- Blue Hill Blue Hill
- Coordinates: 44°24′33″N 68°35′17″W﻿ / ﻿44.40917°N 68.58806°W
- Country: United States
- State: Maine
- County: Hancock
- Town: Blue Hill

Area
- • Total: 4.71 sq mi (12.21 km^{2})
- • Land: 4.71 sq mi (12.19 km^{2})
- • Water: 0.0077 sq mi (0.02 km^{2})
- Elevation: 36 ft (11 m)

Population (2020)
- • Total: 963
- • Density: 200/sq mi (79/km^{2})
- Time zone: UTC-5 (Eastern (EST))
- • Summer (DST): UTC-4 (EDT)
- ZIP code: 04614
- Area code: 207
- FIPS code: 23-05665
- GNIS feature ID: 2630697

= Blue Hill (CDP), Maine =

Blue Hill is a census-designated place (CDP) in the town of Blue Hill in Hancock County, Maine, United States.
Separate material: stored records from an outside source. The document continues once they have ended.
(* Let $\mathfrak{P}$ be a compactness-like topological property and $X$ a space. Then $\lambda_\mathfrak{P}X=\beta X$ if and only if $X$ has $\mathfrak{P}$.
   Context: All spaces are completely regular Hausdorff; $\beta X$ is the Stone–Čech compactification. $\mathrm{Coz}(X)$ is the set of cozero-sets of $X$. $\lambda_\mathfrak{P}X=\bigcup\{\mathrm{int}_{\beta X}\mathrm{cl}_{\beta X}C: C\in\mathrm{Coz}(X),\ \mathrm{cl}_XC\text{ has }\mathfrak{P}\}$. A topological property is compactness-like if it is hereditary to clopen subspaces, finitely additive (finite disjoint unions of closed subspaces with $\mathfrak{P}$ have $\mathfrak{P}$), invariant and inverse invariant under perfect surjections, and satisfies Mrówka's condition (W): if a space $Z$ has a point $p$ with an open base $\mathscr{B}$ at $p$ such that $Z\setminus B$ has $\mathfrak{P}$ for all $B\in\mathscr{B}$, then $Z$ has $\mathfrak{P}$. *)

theory Defs
  imports "HOL-Analysis.Analysis"
begin

definition tychonoff :: "'a topology \<Rightarrow> bool" where
  "tychonoff X \<longleftrightarrow> completely_regular_space X \<and> Hausdorff_space X"

definition cozero_set :: "'a topology \<Rightarrow> 'a set \<Rightarrow> bool" where
  "cozero_set X C \<longleftrightarrow>
     (\<exists>f. continuous_map X euclideanreal f \<and> C = {x \<in> topspace X. f x \<noteq> 0})"

definition stone_cech :: "'a topology \<Rightarrow> 'b topology \<Rightarrow> ('a \<Rightarrow> 'b) \<Rightarrow> bool" where
  "stone_cech X K e \<longleftrightarrow>
     compact_space K \<and> Hausdorff_space K \<and> embedding_map X K e \<and>
     K closure_of (e ` topspace X) = topspace K \<and>
     (\<forall>f. continuous_map X euclideanreal f \<and> (\<exists>B. \<forall>x\<in>topspace X. \<bar>f x\<bar> \<le> B) \<longrightarrow>
        (\<exists>g. continuous_map K euclideanreal g \<and> (\<forall>x\<in>topspace X. g (e x) = f x)))"

definition lambda_P :: "('a topology \<Rightarrow> bool) \<Rightarrow> 'a topology \<Rightarrow> 'b topology \<Rightarrow> ('a \<Rightarrow> 'b) \<Rightarrow> 'b set" where
  "lambda_P P X K e =
     \<Union>{K interior_of (K closure_of (e ` C)) | C.
          cozero_set X C \<and> P (subtopology X (X closure_of C))}"

definition open_base_at :: "'a topology \<Rightarrow> 'a \<Rightarrow> 'a set set \<Rightarrow> bool" where
  "open_base_at Z p \<B> \<longleftrightarrow>
     (\<forall>B\<in>\<B>. openin Z B \<and> p \<in> B) \<and>
     (\<forall>U. openin Z U \<and> p \<in> U \<longrightarrow> (\<exists>B\<in>\<B>. B \<subseteq> U))"

text \<open>Compactness-like properties (of spaces whose points range over the type 'a).\<close>
definition compactness_like :: "('a topology \<Rightarrow> bool) \<Rightarrow> bool" where
  "compactness_like P \<longleftrightarrow>
     \<comment> \<open>hereditary to clopen subspaces\<close>
     (\<forall>Y A. tychonoff Y \<and> P Y \<and> closedin Y A \<and> openin Y A \<longrightarrow> P (subtopology Y A)) \<and>
     \<comment> \<open>finitely additive\<close>
     (\<forall>Y \<F>. tychonoff Y \<and> finite \<F> \<and> \<Union>\<F> = topspace Y \<and>
        (\<forall>F\<in>\<F>. closedin Y F \<and> P (subtopology Y F)) \<and>
        (\<forall>F\<in>\<F>. \<forall>G\<in>\<F>. F \<noteq> G \<longrightarrow> F \<inter> G = {}) \<longrightarrow> P Y) \<and>
     \<comment> \<open>invariant under perfect surjections\<close>
     (\<forall>Y Z f. tychonoff Y \<and> tychonoff Z \<and> perfect_map Y Z f \<and> P Y \<longrightarrow> P Z) \<and>
     \<comment> \<open>inverse invariant under perfect surjections\<close>
     (\<forall>Y Z f. tychonoff Y \<and> tychonoff Z \<and> perfect_map Y Z f \<and> P Z \<longrightarrow> P Y) \<and>
     \<comment> \<open>Mrowka's condition (W)\<close>
     (\<forall>Z p \<B>. tychonoff Z \<and> p \<in> topspace Z \<and> open_base_at Z p \<B> \<and>
        (\<forall>B\<in>\<B>. P (subtopology Z (topspace Z - B))) \<longrightarrow> P Z)"

end

theory Submission
  imports Defs
begin
lemma vorticity_equation_stream_function:
  assumes "smooth psi" and stream: "\<forall>t x y. u1 t x y = - py psi t x y \<and> u2 t x y = px psi t x y"
    and vorticity: "\<And>t x y. pt (\<lambda>t x y. curl u1 u2 t x y + q t x y) t x y
      + lie2 u1 u2 (\<lambda>t x y. curl u1 u2 t x y + q t x y) t x y = F t x y"
  shows "pt (\<lambda>t x y. lap psi t x y + q t x y) t x y
    + jac psi (\<lambda>t x y. lap psi t x y + q t x y) t x y = F t x y"
proof -
  from stream have "u1 = (\<lambda>t x y. - py psi t x y)" "u2 = px psi" by (auto intro!: ext)
  with vorticity[of t x y] show ?thesis
    by (simp add: curl_stream_function lie2_stream_function \<open>smooth psi\<close>)
qed

theorem mainTheorem6:
  fixes u1 u2 D rho zeta what wtil p :: field and eps g :: real
  assumes smooth: "smooth u1" "smooth u2" "smooth D" "smooth rho" "smooth zeta"
      "smooth what" "smooth wtil" "smooth p"
    and rho_nz: "\<forall>t x y. rho t x y \<noteq> 0"
    and D_one: "\<forall>t x y. D t x y = 1"
    and wtil_def: "\<forall>t x y. wtil t x y =
        what t x y / (1 + eps * ((px zeta t x y)\<^sup>2 + (py zeta t x y)\<^sup>2))"
    and motion_x: "\<forall>t x y.
        pt (\<lambda>t x y. u1 t x y + wtil t x y * px zeta t x y) t x y
        + lie1x u1 u2 (\<lambda>t x y. u1 t x y + wtil t x y * px zeta t x y)
                      (\<lambda>t x y. u2 t x y + wtil t x y * py zeta t x y) t x y
        = px (\<lambda>t x y. ((u1 t x y)\<^sup>2 + (u2 t x y)\<^sup>2 + (what t x y)\<^sup>2) / 2 - g * zeta t x y) t x y
          - px p t x y / rho t x y"
    and motion_y: "\<forall>t x y.
        pt (\<lambda>t x y. u2 t x y + wtil t x y * py zeta t x y) t x y
        + lie1y u1 u2 (\<lambda>t x y. u1 t x y + wtil t x y * px zeta t x y)
                      (\<lambda>t x y. u2 t x y + wtil t x y * py zeta t x y) t x y
        = py (\<lambda>t x y. ((u1 t x y)\<^sup>2 + (u2 t x y)\<^sup>2 + (what t x y)\<^sup>2) / 2 - g * zeta t x y) t x y
          - py p t x y / rho t x y"
    and continuity: "\<forall>t x y. pt D t x y + px (\<lambda>t x y. D t x y * u1 t x y) t x y
        + py (\<lambda>t x y. D t x y * u2 t x y) t x y = 0"
    and buoyancy: "\<forall>t x y. pt rho t x y + adv u1 u2 rho t x y = 0"
    and elevation: "\<forall>t x y. pt zeta t x y + adv u1 u2 zeta t x y =
        what t x y * (1 + eps * ((px zeta t x y)\<^sup>2 + (py zeta t x y)\<^sup>2))"
    and vertical: "\<forall>t x y. pt wtil t x y + adv u1 u2 wtil t x y =
        - g + 2 * eps / (D t x y * rho t x y) *
          (px (\<lambda>t x y. what t x y * (D t x y * rho t x y * wtil t x y) * px zeta t x y) t x y
         + py (\<lambda>t x y. what t x y * (D t x y * rho t x y * wtil t x y) * py zeta t x y) t x y)"
  shows "(\<forall>t x y.
            pt (\<lambda>t x y. curl u1 u2 t x y + jac wtil zeta t x y) t x y
          + lie2 u1 u2 (\<lambda>t x y. curl u1 u2 t x y + jac wtil zeta t x y) t x y
          = - jac (\<lambda>t x y. 1 / rho t x y) p t x y)
       \<and> (\<forall>psi. smooth psi \<and> (\<forall>t x y. u1 t x y = - py psi t x y \<and> u2 t x y = px psi t x y) \<longrightarrow>
            (\<forall>t x y.
               pt (\<lambda>t x y. lap psi t x y + jac wtil zeta t x y) t x y
             + jac psi (\<lambda>t x y. lap psi t x y + jac wtil zeta t x y) t x y
             = - jac (\<lambda>t x y. 1 / rho t x y) p t x y))"
proof -
  have "smooth (\<lambda>t x y. ((u1 t x y)\<^sup>2 + (u2 t x y)\<^sup>2 + (what t x y)\<^sup>2) / 2 - g * zeta t x y)"
    using smooth by simp
  note vorticity =
    potential_vorticity_equation[OF smooth(1,2,7,5) this smooth(8,4) rho_nz motion_x motion_y]
  show ?thesis
    using vorticity vorticity_equation_stream_function[OF _ _ vorticity] by blast
qed
definition bas :: "'a \<Rightarrow> ('a \<Rightarrow> rat)" where
  "bas g = (\<lambda>x. if x = g then 1 else 0)"

definition qprod :: "('a \<Rightarrow> 'a \<Rightarrow> 'a) \<Rightarrow> ('a \<Rightarrow> rat) \<Rightarrow> ('a \<Rightarrow> rat) \<Rightarrow> ('a \<Rightarrow> rat)" where
  "qprod pr f g = (\<lambda>z. \<Sum>x\<in>{x. f x \<noteq> 0}. \<Sum>y\<in>{y. g y \<noteq> 0}.
                         if pr x y = z then f x * g y else 0)"

definition aug_ideal :: "'a set \<Rightarrow> ('a \<Rightarrow> rat) set" where
  "aug_ideal L = {f \<in> QL L. (\<Sum>x\<in>{x. f x \<noteq> 0}. f x) = 0}"

(* products, in any bracketing, of exactly k elements of I *)
inductive bprods :: "'a set \<Rightarrow> ('a \<Rightarrow> 'a \<Rightarrow> 'a) \<Rightarrow> nat \<Rightarrow> ('a \<Rightarrow> rat) \<Rightarrow> bool"
  for L pr where
  single: "x \<in> aug_ideal L \<Longrightarrow> bprods L pr 1 x"
| prod: "bprods L pr i x \<Longrightarrow> bprods L pr j y \<Longrightarrow> bprods L pr (i + j) (qprod pr x y)"

inductive_set gen_ideal :: "'a set \<Rightarrow> ('a \<Rightarrow> 'a \<Rightarrow> 'a) \<Rightarrow> ('a \<Rightarrow> rat) set \<Rightarrow> ('a \<Rightarrow> rat) set"
  for L pr S where
  gen: "x \<in> S \<Longrightarrow> x \<in> gen_ideal L pr S"
| zero: "(\<lambda>_. 0) \<in> gen_ideal L pr S"
| add: "x \<in> gen_ideal L pr S \<Longrightarrow> y \<in> gen_ideal L pr S \<Longrightarrow> (\<lambda>z. x z + y z) \<in> gen_ideal L pr S"
| smult: "x \<in> gen_ideal L pr S \<Longrightarrow> (\<lambda>z. c * x z) \<in> gen_ideal L pr S"
| lmult: "x \<in> gen_ideal L pr S \<Longrightarrow> a \<in> QL L \<Longrightarrow> qprod pr a x \<in> gen_ideal L pr S"
| rmult: "x \<in> gen_ideal L pr S \<Longrightarrow> a \<in> QL L \<Longrightarrow> qprod pr x a \<in> gen_ideal L pr S"

definition aug_pow :: "'a set \<Rightarrow> ('a \<Rightarrow> 'a \<Rightarrow> 'a) \<Rightarrow> nat \<Rightarrow> ('a \<Rightarrow> rat) set" where
  "aug_pow L pr k = gen_ideal L pr {x. \<exists>i\<ge>k. bprods L pr i x}"

definition Dsub :: "'a set \<Rightarrow> ('a \<Rightarrow> 'a \<Rightarrow> 'a) \<Rightarrow> 'a \<Rightarrow> nat \<Rightarrow> 'a set" where
  "Dsub L pr e k = {g \<in> L. (\<lambda>z. bas g z - bas e z) \<in> aug_pow L pr k}"

(* left coset xN; for a normal subloop N the quotient L/N consists of these cosets *)
definition lcoset :: "('a \<Rightarrow> 'a \<Rightarrow> 'a) \<Rightarrow> 'a \<Rightarrow> 'a set \<Rightarrow> 'a set" where
  "lcoset pr x N = (\<lambda>d. pr x d) ` N"

end

(*
  The permutations of L act linearly on the loop algebra QL, the left translation L_a acting
  as left multiplication by a. Call a permutation of degree k if it and its inverse map each
  power I^m of the augmentation ideal into itself modulo I^(m+k). These permutations form a
  subgroup, and the commutator of elements of degrees p and q has degree p + q, because
  xy - yx = (x - 1)(y - 1) - (y - 1)(x - 1). Since a - e lies in I, every L_a has degree 1
  (for its inverse one cancels the factor a: if a g lies in I^j then so does g), so every
  F in the n-th term of the lower central series of LMlt(L) has degree n. Applied to the
  basis element a this gives F(a) - a in I^n, and then F(a) and a lie in the same left
  coset of D_n L.
*)

theory Submission
  imports Defs "HOL-Library.Function_Algebras"
begin

section \<open>Filtered group actions\<close>

locale filtered_action =
  fixes G :: "('g, 'c) monoid_scheme"
    and act :: "'g \<Rightarrow> 'm::ab_group_add \<Rightarrow> 'm"
    and F :: "nat \<Rightarrow> 'm set"
  assumes group_G: "group G"
    and act_mult: "x \<in> carrier G \<Longrightarrow> y \<in> carrier G \<Longrightarrow> act (x \<otimes>\<^bsub>G\<^esub> y) f = act x (act y f)"
    and act_one: "f \<in> F 0 \<Longrightarrow> act \<one>\<^bsub>G\<^esub> f = f"
    and act_diff: "act x (f - g) = act x f - act x g"
    and F_zero: "0 \<in> F m"
    and F_diff: "f \<in> F m \<Longrightarrow> g \<in> F m \<Longrightarrow> f - g \<in> F m"
    and F_Suc: "F (Suc m) \<subseteq> F m"
begin

sublocale G: group G by (rule group_G)

lemma F_add: "f \<in> F m \<Longrightarrow> g \<in> F m \<Longrightarrow> f + g \<in> F m"
  using F_diff[OF _ F_diff[OF F_zero]] by (metis diff_0 diff_minus_eq_add)

lemma F_antimono: "i \<le> j \<Longrightarrow> F j \<subseteq> F i"
  by (induction j rule: dec_induct) (use F_Suc in auto)

definition shifts :: "nat \<Rightarrow> 'g \<Rightarrow> bool" where
  "shifts k x \<longleftrightarrow> (\<forall>m. \<forall>f\<in>F m. act x f - f \<in> F (m + k))"

text \<open>The inverse is included because \<open>shifts k\<close> alone is not visibly closed under inversion.\<close>
definition has_degree :: "nat \<Rightarrow> 'g \<Rightarrow> bool" where
  "has_degree k x \<longleftrightarrow> x \<in> carrier G \<and> shifts k x \<and> shifts k (inv\<^bsub>G\<^esub> x)"

lemma shiftsD: "shifts k x \<Longrightarrow> f \<in> F m \<Longrightarrow> act x f - f \<in> F (m + k)"
  by (simp add: shifts_def)

lemma shifts_act_closed:
  assumes "shifts k x" "f \<in> F m"
  shows "act x f \<in> F m"
proof -
  have "act x f - f \<in> F m"
    using shiftsD[OF assms] F_antimono[of m "m + k"] by auto
  then show ?thesis using F_add[OF _ assms(2)] by fastforce
qed

lemma shifts_one: "shifts k \<one>\<^bsub>G\<^esub>"
  unfolding shifts_def using F_antimono[of 0] act_one F_zero by fastforce

lemma shifts_mult:
  assumes "x \<in> carrier G" "y \<in> carrier G" "shifts k x" "shifts k y"
  shows "shifts k (x \<otimes>\<^bsub>G\<^esub> y)"
  unfolding shifts_def
proof (intro allI ballI)
  fix m f assume f: "f \<in> F m"
  have "act (x \<otimes>\<^bsub>G\<^esub> y) f - f = (act x (act y f) - act y f) + (act y f - f)"
    by (simp add: act_mult assms)
  then show "act (x \<otimes>\<^bsub>G\<^esub> y) f - f \<in> F (m + k)"
    using F_add shiftsD assms(3,4) f shifts_act_closed by metis
qed

lemma has_degree_one: "has_degree k \<one>\<^bsub>G\<^esub>"
  by (simp add: has_degree_def shifts_one)

lemma has_degree_inv: "has_degree k x \<Longrightarrow> has_degree k (inv\<^bsub>G\<^esub> x)"
  by (auto simp: has_degree_def)

lemma has_degree_mult: "has_degree k x \<Longrightarrow> has_degree k y \<Longrightarrow> has_degree k (x \<otimes>\<^bsub>G\<^esub> y)"
  by (auto simp: has_degree_def G.inv_mult_group intro: shifts_mult)

lemma has_degree_generate:
  assumes "\<forall>s\<in>S. has_degree k s" "x \<in> generate G S"
  shows "has_degree k x"
  using assms(2)
  by induction (use assms(1) has_degree_one has_degree_inv has_degree_mult in auto)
The CDP population was 943 as per the 2010 census, out of a population of 2,686 in the town of Blue Hill as a whole.

==Geography==
The Blue Hill CDP consists of the main village, within the town of Blue Hill. The CDP is located at the geographic center of the town, surrounding the head of Blue Hill Harbor, an arm of Blue Hill Bay. The CDP extends south along Route 175 as far as Bragdon Brook, just north of Blue Hill Falls; southwest along Routes 15 and 176 as far as Grindleville Road; west along Route 177 (Union Street) to Field House Lane; northwest along Route 15 past Mountain Road to the southern slopes of Blue Hill; northeast along Route 172 past Mountain Road; and east along Route 176 to Peters Cove and Little Peters Brook. The 285 m summit of Blue Hill is just outside the CDP to the north.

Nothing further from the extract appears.